(* Let $k\ge2$, $\varepsilon>0$, and let $r$ be a multiple of $k$ with $r\ge 6/\varepsilon$. Let $R$ be a graph on $[r]$ with $\delta(R)\ge(1-\frac1k+\varepsilon)r$, and let $Q$ be a $K_k$-factor of $R$ consisting of the vertex-disjoint cliques $Q^1,\dots,Q^{r/k}$. Let $D$ be the directed graph on $[r]$ with arc set $\{\overrightarrow{ij}: i\ne j\in[r],\ N_Q(j)\subseteq N_R(i)\}$. Then there exist at least two indices $s\in[r/k]$ such that for every $j\in V(Q^s)$ and every $i\in[r]\setminus\{j\}$ there is a directed path from $i$ to $j$ in $D$.
   Context: $N_Q(j)$ denotes the neighbourhood of $j$ in $Q$ (the other $k-1$ vertices of the clique of $Q$ containing $j$), and $N_R(i)$ the neighbourhood of $i$ in $R$. A $K_k$-factor of $R$ is a spanning subgraph consisting of vertex-disjoint copies of $K_k$. *)

theory Defs
  imports Main Complex_Main
begin

definition simple_graph_on :: "nat \<Rightarrow> (nat \<Rightarrow> nat \<Rightarrow> bool) \<Rightarrow> bool" where
  "simple_graph_on r E \<longleftrightarrow>
     (\<forall>u v. E u v \<longrightarrow> u \<in> {1..r} \<and> v \<in> {1..r}) \<and>
     (\<forall>u v. E u v \<longrightarrow> E v u) \<and> (\<forall>u. \<not> E u u)"

definition nbhd :: "(nat \<Rightarrow> nat \<Rightarrow> bool) \<Rightarrow> nat \<Rightarrow> nat set" where
  "nbhd E i = {u. E i u}"

definition min_degree_ge :: "nat \<Rightarrow> (nat \<Rightarrow> nat \<Rightarrow> bool) \<Rightarrow> real \<Rightarrow> bool" where
  "min_degree_ge r E d \<longleftrightarrow> (\<forall>v \<in> {1..r}. real (card (nbhd E v)) \<ge> d)"
lemma (in finite_measure) integrable_if_square_integrable:
  "square_integrable M f \<Longrightarrow> integrable M f"
  unfolding square_integrable_def by (blast intro: square_integrable_imp_integrable)

subsection \<open>Symmetric and positive definite matrices\<close>

lemma symmetric_matrix_inner:
  fixes A :: "real^'n^'n"
  assumes "transpose A = A"
  shows "x \<bullet> (A *v y) = (A *v x) \<bullet> y"
  by (metis assms dot_lmul_matrix transpose_matrix_vector)

lemma matrix_inv_invertible:
  assumes "invertible A"
  shows "A ** matrix_inv A = mat 1" "matrix_inv A ** A = mat 1"
  using someI_ex[OF assms[unfolded invertible_def]] unfolding matrix_inv_def by auto

lemma invertible_if_pos_def:
  fixes A :: "real^'n^'n"
  assumes "\<And>x. x \<noteq> 0 \<Longrightarrow> x \<bullet> (A *v x) > 0"
  shows "invertible A"
  unfolding invertible_left_inverse matrix_left_invertible_ker
  using assms by (metis inner_zero_right less_irrefl)

lemma nonpos_if_quadratic_nonpos:
  fixes b c :: real
  assumes "\<And>t. 2 * t * b + t\<^sup>2 * c \<le> 0"
  shows "b \<le> 0"
proof (rule ccontr)
  assume "\<not> b \<le> 0"
  define t where "t = b / (\<bar>c\<bar> + 1)"
  have "t * (\<bar>c\<bar> + 1) = b"
    by (simp add: t_def add_pos_nonneg)
  have "t\<^sup>2 * \<bar>c\<bar> + t\<^sup>2 = t * (t * (\<bar>c\<bar> + 1))"
    by (simp add: power2_eq_square algebra_simps)
  also have "\<dots> = t * b"
    using \<open>t * (\<bar>c\<bar> + 1) = b\<close> by simp
  finally have "t\<^sup>2 * \<bar>c\<bar> + t\<^sup>2 = t * b" .
  moreover have "- (t\<^sup>2 * \<bar>c\<bar>) \<le> t\<^sup>2 * c"
    using mult_left_mono[of "- \<bar>c\<bar>" c "t\<^sup>2"] by simp
  moreover have "t * b > 0"
    using \<open>\<not> b \<le> 0\<close> by (simp add: t_def add_pos_nonneg)
  moreover have "t\<^sup>2 \<ge> 0"
    by simp
  ultimately have "2 * (t * b) + t\<^sup>2 * c > 0"
    by linarith
  with assms[of t] show False
    by (simp add: mult.assoc)
qed
(* Let $a,b,c\in\mathbb{R}^n$. Then the set $\{X\in\mathbb{S}^n_+:\ a^\top Xb\ge 0,\ b^\top Xc\ge 0,\ a^\top Xc\ge 0\}$ is rank-one generated.
   Context: $\mathbb{S}^n_+$ is the cone of real symmetric positive semidefinite $n\times n$ matrices. A closed convex cone $\mathcal{S}\subseteq\mathbb{S}^n_+$ is rank-one generated (ROG) if $\mathcal{S}=\mathrm{conv}(\mathcal{S}\cap\{xx^\top:x\in\mathbb{R}^n\})$. *)

theory Defs
  imports "HOL-Analysis.Analysis"
begin

definition psd_cone :: "(real^'n^'n) set" where
  "psd_cone = {X. transpose X = X \<and> (\<forall>x. 0 \<le> x \<bullet> (X *v x))}"

definition outer :: "real^'n \<Rightarrow> real^'n^'n" where
  "outer x = (\<chi> i j. x $ i * x $ j)"

definition rank_one_generated :: "(real^'n^'n) set \<Rightarrow> bool" where
  "rank_one_generated S \<longleftrightarrow>
     S \<subseteq> psd_cone \<and> closed S \<and> convex_cone S \<and>
     S = convex hull (S \<inter> range outer)"

end

theory Submission
  imports Defs
begin

(* Factor X as a sum of rank-one matrices v_i v_i^T (symmetric Gaussian elimination), so that
  p^T X q is the inner product of the Gram vectors (p . v_i)_i and (q . v_i)_i.  The Gram vectors
  x, y, z of a, b, c have pairwise nonnegative inner products, and three such vectors lie in the
  span of an orthonormal system e_1, e_2, e_3 on which all their coordinates are nonnegative:
  apply Gram-Schmidt starting from a pivot among x, y, z, which exists because the product of the
  three pairwise inner products is bounded via Cauchy-Schwarz.  Pulling the e_k back gives rank-one
  matrices satisfying the three inequalities; by Bessel the remainder is PSD and by Parseval it
  vanishes on a, b, c, so it is a sum of rank-one matrices w w^T with w orthogonal to a, b, c. *)

lemma inner_orthonormal_sum:
  fixes B :: "'a::real_inner set"
  assumes "finite B" "pairwise orthogonal B" "\<And>e. e \<in> B \<Longrightarrow> norm e = 1" "e \<in> B"
  shows "e \<bullet> (\<Sum>b\<in>B. c b *\<^sub>R b) = c e"
proof -
  have "e \<bullet> b = (if b = e then 1 else 0)" if "b \<in> B" for b
    using assms that by (force simp: norm_eq_1 orthogonal_def pairwise_def)
  then have "e \<bullet> (\<Sum>b\<in>B. c b *\<^sub>R b) = (\<Sum>b\<in>B. if b = e then c e else 0)"
    by (auto simp: inner_sum_right intro: sum.cong)
  then show ?thesis
    using assms(1,4) by simp
qed
lemma x_mult_hermite_poly:
  "x * hermite_poly n x = hermite_poly (Suc n) x / 2 + real n * hermite_poly (n - 1) x"
  by (simp add: hermite_poly_Suc field_simps)

lemma one_plus_sq_mult_hermite_poly:
  "(1 + x^2) * hermite_poly n x = hermite_poly (n + 2) x / 4 + (real n + 3/2) * hermite_poly n x
     + real n * (real n - 1) * hermite_poly (n - 2) x"
proof -
  have shift: "x * hermite_poly (Suc n) x = hermite_poly (n + 2) x / 2 + real (Suc n) * hermite_poly n x"
    using x_mult_hermite_poly[of x "Suc n"] by simp
  have lower: "real n * (x * hermite_poly (n - 1) x)
      = real n * (hermite_poly n x / 2 + (real n - 1) * hermite_poly (n - 2) x)"
  proof (cases n)
    case (Suc m)
    then show ?thesis using x_mult_hermite_poly[of x m] by (simp add: of_nat_diff)
  qed simp
  have "(1 + x^2) * hermite_poly n x = hermite_poly n x + x * (x * hermite_poly n x)"
    by (simp add: algebra_simps power2_eq_square)
  also have "\<dots> = hermite_poly n x + x * hermite_poly (Suc n) x / 2 + real n * (x * hermite_poly (n - 1) x)"
    by (subst x_mult_hermite_poly) (simp add: algebra_simps)
  finally show ?thesis
    unfolding shift lower by (simp add: field_simps del: hermite_poly.simps)
qed

lemma continuous_on_hermite_poly: "continuous_on UNIV (hermite_poly n)"
  by (induction n rule: induct_nat_012) (auto intro!: continuous_intros)

lemma borel_measurable_hermite_poly [measurable]: "hermite_poly n \<in> borel_measurable borel"
  using continuous_on_hermite_poly by (rule borel_measurable_continuous_onI)

definition gauss_moment :: "nat \<Rightarrow> real" where
  "gauss_moment k = (\<integral>x. x^k * exp (-(x^2)) \<partial>lborel)"
(* Let $M>0$, $\beta^*>0$, $0<I_0<M$, and let $g$ be the log-normal density $g(t)=\frac{1}{t\sigma\sqrt{2\pi}}\exp\!\big(-\frac{(\ln t-\mu)^2}{2\sigma^2}\big)$ for $t>0$, $g(t)=0$ for $t\le0$ ($\mu\in\mathbb{R}$, $\sigma>0$). Let $I$ be the unique $C^1$ solution on $[0,\infty)$ of \[ I'(t)=\beta^*(M-I(t))\Big(I(t)-\int_0^t g(t-s)I(s)\,ds\Big),\qquad I(0)=I_0, \] and set $I_a(t)=I(t)-\int_0^t g(t-s)I(s)\,ds$. Then the improper integral $\int_0^\infty I_a(t)\,dt$ converges. *)

theory Defs
  imports "HOL-Analysis.Analysis"
begin

definition lognormal_density :: "real \<Rightarrow> real \<Rightarrow> real \<Rightarrow> real" where
  "lognormal_density \<mu> \<sigma> t =
     (if t > 0 then exp (- ((ln t - \<mu>)\<^sup>2) / (2 * \<sigma>\<^sup>2)) / (t * \<sigma> * sqrt (2 * pi)) else 0)"

end

(* Let G t be the mass of the log-normal density g on [0, t] and I_a the active part of I.
   Along a solution, (M - I t) * exp (beta * integral of I_a over [0, t]) is constant, so I < M.
   At a first zero t0 of I_a, I would still be nondecreasing on [0, t0], so the convolution at t0
   would be at most G t0 * I t0 < I t0; hence I_a > 0 throughout and its integral up to T is
   nondecreasing in T. Exchanging the order of integration gives
     integral of I_a over [0, T] = integral over [0, T] of I s * (1 - G (T - s)) ds,
   which is at most M times the integral of the survival function 1 - G over [0, infinity),
   i.e. M times the mean of the log-normal distribution: finite, because the density decays
   faster than any power (we use (1 + t)^3 * g t bounded). *)

theory Submission
  imports Defs "HOL-Probability.Distributions"
begin
definition nfs_trace :: "('h::real_inner \<Rightarrow>\<^sub>L 'h) set \<Rightarrow> (('h \<Rightarrow>\<^sub>L 'h) \<Rightarrow> ennreal) \<Rightarrow> bool" where
  "nfs_trace M \<tau> \<longleftrightarrow>
     \<comment> \<open>additive and positively homogeneous on M_+\<close>
     (\<forall>x\<in>pos_part M. \<forall>y\<in>pos_part M. \<tau> (x + y) = \<tau> x + \<tau> y) \<and>
     (\<forall>x\<in>pos_part M. \<forall>c::real. c \<ge> 0 \<longrightarrow> \<tau> (c *\<^sub>R x) = ennreal c * \<tau> x) \<and>
     \<comment> \<open>trace property\<close>
     (\<forall>x\<in>M. \<tau> (adj x o\<^sub>L x) = \<tau> (x o\<^sub>L adj x)) \<and>
     \<comment> \<open>faithful\<close>
     (\<forall>x\<in>pos_part M. \<tau> x = 0 \<longrightarrow> x = 0) \<and>
     \<comment> \<open>normal: tau(sup x_i) = sup tau(x_i) for every bounded increasing net in M_+
        (represented by its upward directed range F with least upper bound x)\<close>
     (\<forall>F x. F \<subseteq> pos_part M \<longrightarrow> F \<noteq> {} \<longrightarrow>
        (\<forall>a\<in>F. \<forall>b\<in>F. \<exists>c\<in>F. op_le M a c \<and> op_le M b c) \<longrightarrow>
        x \<in> pos_part M \<longrightarrow> (\<forall>a\<in>F. op_le M a x) \<longrightarrow>
        (\<forall>z\<in>pos_part M. (\<forall>a\<in>F. op_le M a z) \<longrightarrow> op_le M x z) \<longrightarrow>
        \<tau> x = (SUP a\<in>F. \<tau> a)) \<and>
     \<comment> \<open>semifinite\<close>
     (\<forall>x\<in>pos_part M. x \<noteq> 0 \<longrightarrow> (\<exists>y\<in>pos_part M. y \<noteq> 0 \<and> op_le M y x \<and> \<tau> y < \<infinity>))"

definition unitary_group :: "('h::real_inner \<Rightarrow>\<^sub>L 'h) set \<Rightarrow> ('h \<Rightarrow>\<^sub>L 'h) set" where
  "unitary_group M = {u\<in>M. adj u o\<^sub>L u = id_blinfun \<and> u o\<^sub>L adj u = id_blinfun}"

text \<open>n_tau = {x \<in> M. tau(x* x) < \<infinity>}: the elements of M that lie in L^2(M,tau).\<close>
definition L2_part :: "('h::real_inner \<Rightarrow>\<^sub>L 'h) set \<Rightarrow> (('h \<Rightarrow>\<^sub>L 'h) \<Rightarrow> ennreal) \<Rightarrow> ('h \<Rightarrow>\<^sub>L 'h) set" where
  "L2_part M \<tau> = {x\<in>M. \<tau> (adj x o\<^sub>L x) < \<infinity>}"

definition norm2 :: "(('h::real_inner \<Rightarrow>\<^sub>L 'h) \<Rightarrow> ennreal) \<Rightarrow> ('h \<Rightarrow>\<^sub>L 'h) \<Rightarrow> real" where
  "norm2 \<tau> x = sqrt (enn2real (\<tau> (adj x o\<^sub>L x)))"

definition unitary_group_2 :: "('h::real_inner \<Rightarrow>\<^sub>L 'h) set \<Rightarrow> (('h \<Rightarrow>\<^sub>L 'h) \<Rightarrow> ennreal) \<Rightarrow> ('h \<Rightarrow>\<^sub>L 'h) set" where
  "unitary_group_2 M \<tau> = {u\<in>unitary_group M. id_blinfun - u \<in> L2_part M \<tau>}"
(* Let $\rho_{AB}$ be a bipartite state on $\mathbb{C}^{d_A}\otimes\mathbb{C}^N$. Let $X^{(1)},\dots,X^{(M)}$ be measurements on Alice's side, where $X^{(i)}$ has outcomes $x^{(i)}_1,\dots,x^{(i)}_N$. Let $Y^{(1)},\dots,Y^{(M)}$ be non-degenerate projective measurements on Bob's side, where $Y^{(i)}$ is given by an orthonormal basis $\{|b^{(i)}_k\rangle\}_{k=1}^N$ of $\mathbb{C}^N$. Assume that $A$ cannot steer $B$ for these measurements. Concretely, assume there exist: - a probability distribution $\{\kappa_\lambda\}$ over a finite set of hidden variables $\lambda$, - probability distributions $p^{(\lambda)}(x^{(i)})=(p^{(\lambda)}_1(x^{(i)}),\dots,p^{(\lambda)}_N(x^{(i)}))$, for each $\lambda$ and each $i$, - density matrices $\rho^{(\lambda)}$ on $\mathbb{C}^N$, such that the assemblage $\sigma_{j|X^{(i)}}=\mathrm{Tr}_A[(E^{(i)}_j\otimes \mathbb{1})\rho_{AB}]$ satisfies $$\sigma_{j|X^{(i)}}=\sum_\lambda \kappa_\lambda\, p^{(\lambda)}_j(x^{(i)})\,\rho^{(\lambda)}\quad\text{for all } i,j.$$ Here $E^{(i)}_j$ is the POVM element of outcome $x^{(i)}_j$. Define $p(x^{(i)}_j)=\mathrm{Tr}\,\sigma_{j|X^{(i)}}$. Define $\vec q(y^{(i)}|x^{(i)}_j)\in\mathbb{R}^N$ to be the conditional distribution of Bob's outcome for $Y^{(i)}$ given Alice's outcome $x^{(i)}_j$, with components $\langle b^{(i)}_k|\sigma_{j|X^{(i)}}|b^{(i)}_k\rangle/p(x^{(i)}_j)$. Then $$\bigoplus_{i=1}^{M}\Big[\sum_{j=1}^N \vec q^{\,\downarrow}(y^{(i)}|x^{(i)}_j)\,p(x^{(i)}_j)\Big]\prec \vec s ,$$ where $\vec s\in\mathbb{R}^{MN}$ is the least upper bound (in the majorization order) of the set $\{\bigoplus_{i=1}^M \vec P_\rho(Y^{(i)}) : \rho \text{ a density matrix on }\mathbb{C}^N\}$. Here $\vec P_\rho(Y^{(i)})=(\langle b^{(i)}_k|\rho|b^{(i)}_k\rangle)_{k=1}^N$.
   Context: For $\vec v\in\mathbb{R}^n$, $\vec v^{\,\downarrow}$ denotes $\vec v$ with its components rearranged in non-increasing order. $\oplus$ denotes concatenation (direct sum) of vectors. For $\vec u,\vec w\in\mathbb{R}^n$ with equal component sums, $\vec u\prec\vec w$ (majorization) means $\sum_{k=1}^{m}u^{\downarrow}_k\le \sum_{k=1}^m w^{\downarrow}_k$ for all $m=1,\dots,n$. If the vectors have different lengths, the shorter one is padded with zeros. The least upper bound $\vec s$ is a vector with the following two properties: - every element of the set is majorized by $\vec s$; - $\vec s$ is majorized by every vector that majorizes all elements of the set. Such an $\vec s$ exists in the majorization lattice. *)

theory Defs
  imports "Jordan_Normal_Form.Matrix"
begin

definition mtrace :: "complex mat \<Rightarrow> complex" where
  "mtrace A = (\<Sum>k<dim_row A. A $$ (k, k))"

definition expect :: "complex vec \<Rightarrow> complex mat \<Rightarrow> complex" where
  "expect v A = (A *\<^sub>v v) \<bullet> conjugate v"

definition psd :: "nat \<Rightarrow> complex mat \<Rightarrow> bool" where
  "psd n A \<longleftrightarrow> A \<in> carrier_mat n n \<and>
     (\<forall>v \<in> carrier_vec n. expect v A \<in> \<real> \<and> 0 \<le> Re (expect v A))"

definition density :: "nat \<Rightarrow> complex mat \<Rightarrow> bool" where
  "density n \<rho> \<longleftrightarrow> psd n \<rho> \<and> mtrace \<rho> = 1"

definition povm :: "nat \<Rightarrow> nat \<Rightarrow> (nat \<Rightarrow> complex mat) \<Rightarrow> bool" where
  "povm d N E \<longleftrightarrow> (\<forall>j<N. psd d (E j)) \<and>
     (\<forall>a<d. \<forall>a'<d. (\<Sum>j<N. E j $$ (a, a')) = (if a = a' then 1 else 0))"

definition onb :: "nat \<Rightarrow> (nat \<Rightarrow> complex vec) \<Rightarrow> bool" where
  "onb N b \<longleftrightarrow> (\<forall>k<N. b k \<in> carrier_vec N) \<and>
     (\<forall>k<N. \<forall>k'<N. b k \<bullet> conjugate (b k') = (if k = k' then 1 else 0))"

text \<open>Tr_A[(E \<otimes> 1) \<rho>_AB] for \<rho>_AB on C^dA \<otimes> C^N, with the
  Kronecker index convention (a, b) \<mapsto> a * N + b.\<close>
definition cond_state :: "nat \<Rightarrow> nat \<Rightarrow> complex mat \<Rightarrow> complex mat \<Rightarrow> complex mat" where
  "cond_state dA N \<rho>AB E = mat N N (\<lambda>(r, c).
     \<Sum>a<dA. \<Sum>a'<dA. E $$ (a, a') * \<rho>AB $$ (a' * N + r, a * N + c))"

definition desc :: "real list \<Rightarrow> real list" where
  "desc xs = rev (sort xs)"

definition majorized :: "real list \<Rightarrow> real list \<Rightarrow> bool" (infix \<open>\<prec>\<^sub>m\<close> 50) where
  "u \<prec>\<^sub>m w \<longleftrightarrow> (let n = max (length u) (length w);
       u' = u @ replicate (n - length u) 0;
       w' = w @ replicate (n - length w) 0
     in sum_list u = sum_list w \<and>
        (\<forall>m\<in>{1..n}. sum_list (take m (desc u')) \<le> sum_list (take m (desc w'))))"

definition maj_lub :: "nat \<Rightarrow> real list set \<Rightarrow> real list \<Rightarrow> bool" where
  "maj_lub n S s \<longleftrightarrow> length s = n \<and> (\<forall>x\<in>S. x \<prec>\<^sub>m s) \<and>
     (\<forall>t. length t = n \<longrightarrow> (\<forall>x\<in>S. x \<prec>\<^sub>m t) \<longrightarrow> s \<prec>\<^sub>m t)"

definition prob_vec :: "nat \<Rightarrow> (nat \<Rightarrow> complex vec) \<Rightarrow> complex mat \<Rightarrow> real list" where
  "prob_vec N b \<rho> = map (\<lambda>k. Re (expect (b k) \<rho>)) [0..<N]"

end

theory Submission
  imports Defs "HOL-Combinatorics.Permutations"
begin

(*
  Write top_sum m x for the sum of the m largest entries of x, so that u majorized by w means
  equal totals and top_sum m u <= top_sum m w for every m. As top_sum m x is the largest sum of
  entries of x over m indices, it is sublinear under nonnegative combinations, and the top-m sum
  of a direct sum is attained by some split m = m_1 + ... + m_M over the blocks.

  Under the LHS model the unnormalised conditional vector p(x_j) q(y|x_j) of Bob is the mixture
  sum_lambda kappa_lambda p_j^lambda(x) P_{rho_lambda}(Y). Splitting m over the blocks and using
  sublinearity, first in j and then in lambda, bounds the top-m sum of the left-hand side by
  sum_lambda kappa_lambda top_sum m (+)_i P_{rho_lambda}(Y^(i)), and each of these direct sums
  is majorized by s because it belongs to the set whose least upper bound is s.
*)

lemma length_desc [simp]: "length (desc xs) = length xs"
  unfolding desc_def by simp

lemma mset_desc [simp]: "mset (desc xs) = mset xs"
  unfolding desc_def by simp

lemma sum_list_desc [simp]: "sum_list (desc xs) = sum_list xs"
  by (metis mset_desc sum_mset_sum_list)

lemma set_desc [simp]: "set (desc xs) = set xs"
  unfolding desc_def by simp

lemma sorted_wrt_desc: "sorted_wrt (\<ge>) (desc xs)"
  unfolding desc_def by (simp add: sorted_wrt_rev)

lemma desc_desc [simp]: "desc (desc xs) = desc xs"
  unfolding desc_def by (metis mset_rev mset_sort properties_for_sort sorted_sort)

lemma desc_map_divide:
  fixes t :: real
  assumes "0 < t"
  shows "desc (map (\<lambda>x. x / t) xs) = map (\<lambda>x. x / t) (desc xs)"
proof -
  have "sorted (map (\<lambda>x. x / t) (sort xs))"
    unfolding sorted_map
    by (rule sorted_wrt_mono_rel[OF _ sorted_sort]) (use assms in \<open>simp add: divide_right_mono\<close>)
  then have "sort (map (\<lambda>x. x / t) xs) = map (\<lambda>x. x / t) (sort xs)"
    by (intro properties_for_sort) simp_all
  then show ?thesis
    unfolding desc_def by (simp add: rev_map)
qed

lemma desc_permutation:
  obtains p where "p permutes {..<length xs}" "\<And>i. i < length xs \<Longrightarrow> desc xs ! i = xs ! p i"
proof -
  obtain p where "p permutes {..<length xs}" "permute_list p xs = desc xs"
    using mset_eq_permutation[of "desc xs" xs] by auto
  then show thesis
    using that permute_list_nth by metis
qed

lemma sum_nth_le_sum_take:
  fixes ys :: "'a::ordered_comm_monoid_add list"
  assumes sorted: "sorted_wrt (\<ge>) ys" and S: "S \<subseteq> {..<length ys}"
  shows "(\<Sum>k\<in>S. ys ! k) \<le> sum_list (take (card S) ys)"
proof -
  define L where "L = sorted_list_of_set S"
  have "finite S"
    using S finite_subset by blast
  then have L: "distinct L" "set L = S" "sorted_wrt (<) L" "length L = card S"
    by (simp_all add: L_def strict_sorted_list_of_set)
  have card_le: "card S \<le> length ys"
    using S by (metis card_lessThan card_mono finite_lessThan)
  have "(\<Sum>k\<in>S. ys ! k) = (\<Sum>r<card S. ys ! (L ! r))"
    using sum_list_distinct_conv_sum_set[of L "(!) ys"] L
    by (simp add: sum_list_sum_nth atLeast0LessThan)
  also have "\<dots> \<le> (\<Sum>r<card S. ys ! r)"
  proof (rule sum_mono)
    fix r assume r: "r \<in> {..<card S}"
    then have "r \<le> L ! r" "L ! r < length ys"
      using L S sorted_wrt_less_idx nth_mem by fastforce+
    then show "ys ! (L ! r) \<le> ys ! r"
      using sorted by (metis order.refl order_le_less sorted_wrt_nth_less)
  qed
  also have "\<dots> = sum_list (take (card S) ys)"
    using card_le by (simp add: sum_list_sum_nth atLeast0LessThan min_def)
  finally show ?thesis .
qed

definition top_sum :: "nat \<Rightarrow> real list \<Rightarrow> real" where
  "top_sum m xs = sum_list (take m (desc xs))"

lemma top_sum_desc [simp]: "top_sum m (desc xs) = top_sum m xs"
  by (simp add: top_sum_def)

lemma sum_le_top_sum:
  assumes S: "S \<subseteq> {..<length xs}"
  shows "(\<Sum>k\<in>S. xs ! k) \<le> top_sum (card S) xs"
proof -
  obtain p where p: "p permutes {..<length xs}" "\<And>i. i < length xs \<Longrightarrow> desc xs ! i = xs ! p i"
    using desc_permutation[of xs] by blast
  define S' where "S' = {i. i < length xs \<and> p i \<in> S}"
  have bij: "bij_betw p {..<length xs} {..<length xs}"
    using p(1) by (rule permutes_imp_bij)
  have inj: "inj_on p S'"
    using bij unfolding S'_def bij_betw_def by (auto intro: inj_on_subset)
  have image: "p ` S' = S"
    using bij S unfolding S'_def by (auto simp: bij_betw_def)
  have "(\<Sum>k\<in>S. xs ! k) = (\<Sum>i\<in>S'. xs ! p i)"
    unfolding image[symmetric] using inj by (simp add: sum.reindex)
  also have "\<dots> = (\<Sum>i\<in>S'. desc xs ! i)"
    using p(2) by (intro sum.cong refl) (simp add: S'_def)
  also have "\<dots> \<le> top_sum (card S') xs"
    unfolding top_sum_def by (rule sum_nth_le_sum_take) (auto simp: sorted_wrt_desc S'_def)
  also have "card S' = card S"
    using card_image[OF inj] image by simp
  finally show ?thesis .
qed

────

- **The task**
The exercise is to copy out every line above that has the word "vectors" in it.

- **Problem solution**
  p^T X q is the inner product of the Gram vectors (p . v_i)_i and (q . v_i)_i.  The Gram vectors
  x, y, z of a, b, c have pairwise nonnegative inner products, and three such vectors lie in the
   Context: For $\vec v\in\mathbb{R}^n$, $\vec v^{\,\downarrow}$ denotes $\vec v$ with its components rearranged in non-increasing order. $\oplus$ denotes concatenation (direct sum) of vectors. For $\vec u,\vec w\in\mathbb{R}^n$ with equal component sums, $\vec u\prec\vec w$ (majorization) means $\sum_{k=1}^{m}u^{\downarrow}_k\le \sum_{k=1}^m w^{\downarrow}_k$ for all $m=1,\dots,n$. If the vectors have different lengths, the shorter one is padded with zeros. The least upper bound $\vec s$ is a vector with the following two properties: - every element of the set is majorized by $\vec s$; - $\vec s$ is majorized by every vector that majorizes all elements of the set. Such an $\vec s$ exists in the majorization lattice. *)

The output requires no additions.